The United States has developed a series of family immigration laws and processes that allow permanent residents to help an overseas relative become permanent U.S. residents. One can petition on behalf of a spouse or unmarried children, regardless of the children’s age. If the resident is a U.S. citizen, married children can be sponsored as well.
A petition must be filed using Form I-130. At the time of submission, the petitioner will need to provide evidence that proves the relationship is valid, such as a birth certificate or a marriage license. In addition, the sponsor will also need to show that his or her household income or assets can support any person that receives the family visas.
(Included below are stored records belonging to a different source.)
(* Let $n\ge 3$ and let $P_n(x)=x^n+a_{n-2}x^{n-2}+\cdots+a_1x+a_0$ be a real monic polynomial whose coefficient of $x^{n-1}$ is zero. For $2\le i\le n$ let $P_i=\frac{i!}{n!}P_n^{(n-i)}$, so that $P_{i-1}=\frac1iP_i'$ for $3\le i\le n$, each $P_i$ is monic of degree $i$ with zero coefficient of $x^{i-1}$, and the constant term of $P_i$ is $b_i=\frac{i!\,(n-i)!}{n!}\,a_{n-i}$. For $3\le i\le n$ define $R_{i-2}$ by $P_i(x)=xP_{i-1}(x)-R_{i-2}(x)$ and put $R^0_{i-2}=R_{i-2}+b_i$ (a polynomial not depending on $b_i$). Then $P_n$ has $n$ distinct real roots if and only if $a_{n-2}<0$ and, for every $i\in\{3,\dots,n\}$ (where, inductively, $P_{i-1}$ has $i-1$ distinct real roots $\alpha^{(i-1)}_1<\cdots<\alpha^{(i-1)}_{i-1}$): - if $i$ is even, $$\max_{k\in\{1,\dots,\frac{i-2}{2}\}}R^0_{i-2}\big(\alpha^{(i-1)}_{2k}\big)<b_i<\min_{k\in\{0,\dots,\frac{i-2}{2}\}}R^0_{i-2}\big(\alpha^{(i-1)}_{2k+1}\big);$$ - if $i$ is odd, $$\max_{k\in\{0,\dots,\frac{i-3}{2}\}}R^0_{i-2}\big(\alpha^{(i-1)}_{2k+1}\big)<b_i<\min_{k\in\{1,\dots,\frac{i-1}{2}\}}R^0_{i-2}\big(\alpha^{(i-1)}_{2k}\big).$$ (In particular each of these open intervals is nonempty.)
   Context: $P_n^{(m)}$ denotes the $m$-th derivative. The condition $a_{n-2}<0$ is equivalent to $P_2(x)=x^2+\frac{2(n-2)!}{n!}a_{n-2}$ having two distinct real roots. $R_{i-2}(x)=xP_{i-1}(x)-P_i(x)$ has constant term $-b_i$, and $R^0_{i-2}$ is $R_{i-2}$ with its constant term removed. *)

theory Defs
  imports "HOL-Computational_Algebra.Polynomial"
begin

definition Pder :: "nat \<Rightarrow> real poly \<Rightarrow> nat \<Rightarrow> real poly" where
  "Pder n P i = smult (fact i / fact n) ((pderiv ^^ (n - i)) P)"

definition bcoef :: "nat \<Rightarrow> real poly \<Rightarrow> nat \<Rightarrow> real" where
  "bcoef n P i = fact i * fact (n - i) / fact n * coeff P (n - i)"

text \<open>Rpoly n P i is R_{i-2}, defined by P_i = x P_{i-1} - R_{i-2}\<close>
definition Rpoly :: "nat \<Rightarrow> real poly \<Rightarrow> nat \<Rightarrow> real poly" where
  "Rpoly n P i = [:0, 1:] * Pder n P (i - 1) - Pder n P i"

text \<open>R0poly n P i is R^0_{i-2} = R_{i-2} + b_i\<close>
definition R0poly :: "nat \<Rightarrow> real poly \<Rightarrow> nat \<Rightarrow> real poly" where
  "R0poly n P i = Rpoly n P i + [:bcoef n P i:]"

text \<open>the j-th smallest real root (1-indexed)\<close>
definition alpha :: "real poly \<Rightarrow> nat \<Rightarrow> real" where
  "alpha p j = sorted_list_of_set {x. poly p x = 0} ! (j - 1)"

end

theory Submission
  imports Defs
begin

text \<open>
  Let p be monic of degree m whose derivative has m - 1 distinct real roots
  beta_1 < ... < beta_(m-1). Then p has m distinct real roots iff (-1)^(m-j) p(beta_j) > 0
  for every j: if it has, Rolle's theorem interlaces the beta_j with the roots, so exactly m - j
  roots lie above beta_j; conversely, the intermediate value theorem gives a root between any
  two consecutive points of -infinity < beta_1 < ... < beta_(m-1) < infinity.
  The derivative of P_i is i P_(i-1), and at a root a of P_(i-1) we have P_i(a) = b_i - R0_(i-2)(a),
  so for P_i these sign conditions are exactly the stated bounds on b_i. If P_n has n distinct
  real roots, Rolle's theorem passes this down to every P_i, and for
  P_2 = x^2 + 2 (n-2)!/n! a_(n-2) it forces a_(n-2) < 0.
\<close>

lemma fact_eq_fact_mult_pochhammer:
  "fact (l + k) = fact l * pochhammer (of_nat (Suc l) :: 'a::{comm_semiring_1,semiring_char_0}) k"
  unfolding pochhammer_fact using pochhammer_product[of l "k + l" "1::'a"] by (simp add: add.commute)

lemma strict_mono_on_nth_sorted_list_of_set:
  assumes "finite A"
  shows "strict_mono_on {..<card A} (\<lambda>i. sorted_list_of_set A ! i)"
  using assms
  by (intro strict_mono_onI) (auto intro: sorted_wrt_nth_less[OF strict_sorted_list_of_set])

lemma image_nth_sorted_list_of_set:
  assumes "finite A"
  shows "(\<lambda>i. sorted_list_of_set A ! i) ` {..<card A} = A"
proof -
  have "(\<lambda>i. sorted_list_of_set A ! i) ` {..<card A} = set (map ((!) (sorted_list_of_set A)) [0..<card A])"
    by (simp add: lessThan_atLeast0)
  also have "\<dots> = A"
    using assms by (metis map_nth sorted_list_of_set.length_sorted_key_list_of_set
        sorted_list_of_set.set_sorted_key_list_of_set)
  finally show ?thesis .
qed

lemma sorted_list_of_set_image_strict_mono_on:
  assumes "strict_mono_on {..<N} f"
  shows "sorted_list_of_set (f ` {..<N}) = map f [0..<N]"
proof (rule sorted_list_of_set_unique[THEN iffD1])
  show "sorted_wrt (<) (map f [0..<N]) \<and> set (map f [0..<N]) = f ` {..<N} \<and>
        length (map f [0..<N]) = card (f ` {..<N})"
    using assms strict_mono_on_imp_inj_on[OF assms]
    by (auto simp: sorted_wrt_iff_nth_less card_image strict_mono_onD)
qed simp

lemma prod_linear_factors_dvd:
  fixes p :: "'a::idom poly"
  assumes "finite S" "\<And>x. x \<in> S \<Longrightarrow> poly p x = 0"
  shows "(\<Prod>r\<in>S. [:-r, 1:]) dvd p"
  using assms
proof (induction S rule: finite_induct)
  case (insert a S)
  then obtain k where k: "p = (\<Prod>r\<in>S. [:-r, 1:]) * k"
    by (auto elim!: dvdE)
  have "poly (\<Prod>r\<in>S. [:-r, 1:]) a \<noteq> 0"
    using insert.hyps by (auto simp: poly_prod)
  moreover have "poly p a = 0"
    by (simp add: insert.prems)
  ultimately have "poly k a = 0"
    using k by simp
  then obtain k' where "k = [:-a, 1:] * k'"
    by (metis dvdE poly_eq_0_iff_dvd)
  with k have "p = ([:-a, 1:] * (\<Prod>r\<in>S. [:-r, 1:])) * k'"
    by (metis mult.assoc mult.commute)
  with insert.hyps show ?case
    by (metis dvdI prod.insert)
qed simp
All petitions for immigration are broken down by relationships coming from the same country or region. Once the petition for immigration has been verified and recorded, the relative will receive a place in line for a visa number. Relatives will be allowed to legally enter the U.S. when their name reaches the top of the list. If the relative is a spouse and has children under 21 years of age, those children will be allowed to enter the country with them. Unfortunately, if any child turns 21 while waiting for their name or name of a parent to be called for family visas, a new petition has to be filed. Any child that marries while waiting will have their petition revoked as well.
Most of these regulations and guidelines for a family-based visa apply to petitioners who are permanent residents. The process can differ if a petitioner were or became a U.S. citizen. In addition, each case is different, and the information included here should not be considered legal advice. To navigate these and other citizenship laws and guidelines in Florida, it may be important to consult with a lawyer who is familiar with family visa petitions.